■ Exercise instructions
Starting from the line that contains "and D1 A1 and", give back every line through the end of the listing exactly as written and no other line.
• • •
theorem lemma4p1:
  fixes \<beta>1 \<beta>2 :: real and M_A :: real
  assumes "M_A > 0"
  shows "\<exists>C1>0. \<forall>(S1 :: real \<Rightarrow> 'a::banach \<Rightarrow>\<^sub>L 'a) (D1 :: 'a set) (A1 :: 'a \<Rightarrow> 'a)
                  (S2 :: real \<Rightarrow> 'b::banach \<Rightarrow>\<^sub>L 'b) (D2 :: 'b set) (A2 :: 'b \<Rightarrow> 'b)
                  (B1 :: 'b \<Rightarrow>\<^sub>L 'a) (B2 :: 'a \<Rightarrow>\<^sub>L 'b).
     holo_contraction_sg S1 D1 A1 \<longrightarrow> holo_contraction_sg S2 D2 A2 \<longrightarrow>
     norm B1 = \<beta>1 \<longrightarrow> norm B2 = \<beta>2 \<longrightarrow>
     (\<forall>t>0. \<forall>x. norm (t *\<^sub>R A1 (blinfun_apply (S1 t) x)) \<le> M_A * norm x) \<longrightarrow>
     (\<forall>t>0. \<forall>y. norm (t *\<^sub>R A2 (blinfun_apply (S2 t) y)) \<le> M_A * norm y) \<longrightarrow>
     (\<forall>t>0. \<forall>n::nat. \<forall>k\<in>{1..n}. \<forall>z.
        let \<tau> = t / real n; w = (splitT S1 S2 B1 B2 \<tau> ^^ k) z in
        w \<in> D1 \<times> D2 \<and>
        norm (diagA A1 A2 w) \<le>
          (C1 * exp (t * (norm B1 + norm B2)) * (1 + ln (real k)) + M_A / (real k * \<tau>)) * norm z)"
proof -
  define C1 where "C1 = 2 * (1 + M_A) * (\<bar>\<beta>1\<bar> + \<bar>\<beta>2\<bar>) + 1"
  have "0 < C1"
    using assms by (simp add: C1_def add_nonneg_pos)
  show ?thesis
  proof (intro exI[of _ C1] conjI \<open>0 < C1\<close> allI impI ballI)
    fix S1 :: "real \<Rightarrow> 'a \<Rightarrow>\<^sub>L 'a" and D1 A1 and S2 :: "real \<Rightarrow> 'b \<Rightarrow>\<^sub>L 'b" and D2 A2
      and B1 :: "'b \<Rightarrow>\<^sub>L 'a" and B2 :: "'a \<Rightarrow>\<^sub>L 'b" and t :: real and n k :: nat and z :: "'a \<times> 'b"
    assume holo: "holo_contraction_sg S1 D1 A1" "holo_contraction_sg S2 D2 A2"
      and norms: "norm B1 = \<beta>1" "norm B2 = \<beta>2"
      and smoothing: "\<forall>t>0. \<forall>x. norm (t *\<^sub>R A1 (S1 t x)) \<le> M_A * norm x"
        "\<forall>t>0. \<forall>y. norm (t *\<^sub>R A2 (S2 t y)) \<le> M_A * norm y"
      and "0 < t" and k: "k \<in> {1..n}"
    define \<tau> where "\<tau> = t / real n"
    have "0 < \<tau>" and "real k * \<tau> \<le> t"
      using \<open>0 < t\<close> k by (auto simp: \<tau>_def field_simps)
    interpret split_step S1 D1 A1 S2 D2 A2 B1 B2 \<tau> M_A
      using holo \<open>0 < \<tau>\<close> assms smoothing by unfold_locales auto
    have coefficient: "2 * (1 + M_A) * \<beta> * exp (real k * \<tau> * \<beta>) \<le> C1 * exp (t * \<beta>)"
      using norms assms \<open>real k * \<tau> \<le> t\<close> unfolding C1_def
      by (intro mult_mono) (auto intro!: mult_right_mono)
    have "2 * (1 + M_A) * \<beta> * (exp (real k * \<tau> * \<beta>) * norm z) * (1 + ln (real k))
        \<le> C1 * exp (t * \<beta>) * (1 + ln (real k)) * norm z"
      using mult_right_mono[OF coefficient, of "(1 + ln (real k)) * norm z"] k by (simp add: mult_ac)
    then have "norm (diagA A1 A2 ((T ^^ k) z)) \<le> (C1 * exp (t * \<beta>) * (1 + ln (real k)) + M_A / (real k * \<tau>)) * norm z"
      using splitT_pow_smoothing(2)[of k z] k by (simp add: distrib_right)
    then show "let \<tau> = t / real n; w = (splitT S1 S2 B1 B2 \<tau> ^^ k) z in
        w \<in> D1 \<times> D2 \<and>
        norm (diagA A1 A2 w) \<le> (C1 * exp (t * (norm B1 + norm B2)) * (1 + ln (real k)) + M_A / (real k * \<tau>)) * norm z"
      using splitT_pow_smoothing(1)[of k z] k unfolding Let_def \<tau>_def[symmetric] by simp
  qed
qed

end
• • •
■ Answer to this exercise
    fix S1 :: "real \<Rightarrow> 'a \<Rightarrow>\<^sub>L 'a" and D1 A1 and S2 :: "real \<Rightarrow> 'b \<Rightarrow>\<^sub>L 'b" and D2 A2
      and B1 :: "'b \<Rightarrow>\<^sub>L 'a" and B2 :: "'a \<Rightarrow>\<^sub>L 'b" and t :: real and n k :: nat and z :: "'a \<times> 'b"
    assume holo: "holo_contraction_sg S1 D1 A1" "holo_contraction_sg S2 D2 A2"
      and norms: "norm B1 = \<beta>1" "norm B2 = \<beta>2"
      and smoothing: "\<forall>t>0. \<forall>x. norm (t *\<^sub>R A1 (S1 t x)) \<le> M_A * norm x"
        "\<forall>t>0. \<forall>y. norm (t *\<^sub>R A2 (S2 t y)) \<le> M_A * norm y"
      and "0 < t" and k: "k \<in> {1..n}"
    define \<tau> where "\<tau> = t / real n"
    have "0 < \<tau>" and "real k * \<tau> \<le> t"
      using \<open>0 < t\<close> k by (auto simp: \<tau>_def field_simps)
    interpret split_step S1 D1 A1 S2 D2 A2 B1 B2 \<tau> M_A
      using holo \<open>0 < \<tau>\<close> assms smoothing by unfold_locales auto
    have coefficient: "2 * (1 + M_A) * \<beta> * exp (real k * \<tau> * \<beta>) \<le> C1 * exp (t * \<beta>)"
      using norms assms \<open>real k * \<tau> \<le> t\<close> unfolding C1_def
      by (intro mult_mono) (auto intro!: mult_right_mono)
    have "2 * (1 + M_A) * \<beta> * (exp (real k * \<tau> * \<beta>) * norm z) * (1 + ln (real k))
        \<le> C1 * exp (t * \<beta>) * (1 + ln (real k)) * norm z"
      using mult_right_mono[OF coefficient, of "(1 + ln (real k)) * norm z"] k by (simp add: mult_ac)
    then have "norm (diagA A1 A2 ((T ^^ k) z)) \<le> (C1 * exp (t * \<beta>) * (1 + ln (real k)) + M_A / (real k * \<tau>)) * norm z"
      using splitT_pow_smoothing(2)[of k z] k by (simp add: distrib_right)
    then show "let \<tau> = t / real n; w = (splitT S1 S2 B1 B2 \<tau> ^^ k) z in
        w \<in> D1 \<times> D2 \<and>
        norm (diagA A1 A2 w) \<le> (C1 * exp (t * (norm B1 + norm B2)) * (1 + ln (real k)) + M_A / (real k * \<tau>)) * norm z"
      using splitT_pow_smoothing(1)[of k z] k unfolding Let_def \<tau>_def[symmetric] by simp
  qed
qed

end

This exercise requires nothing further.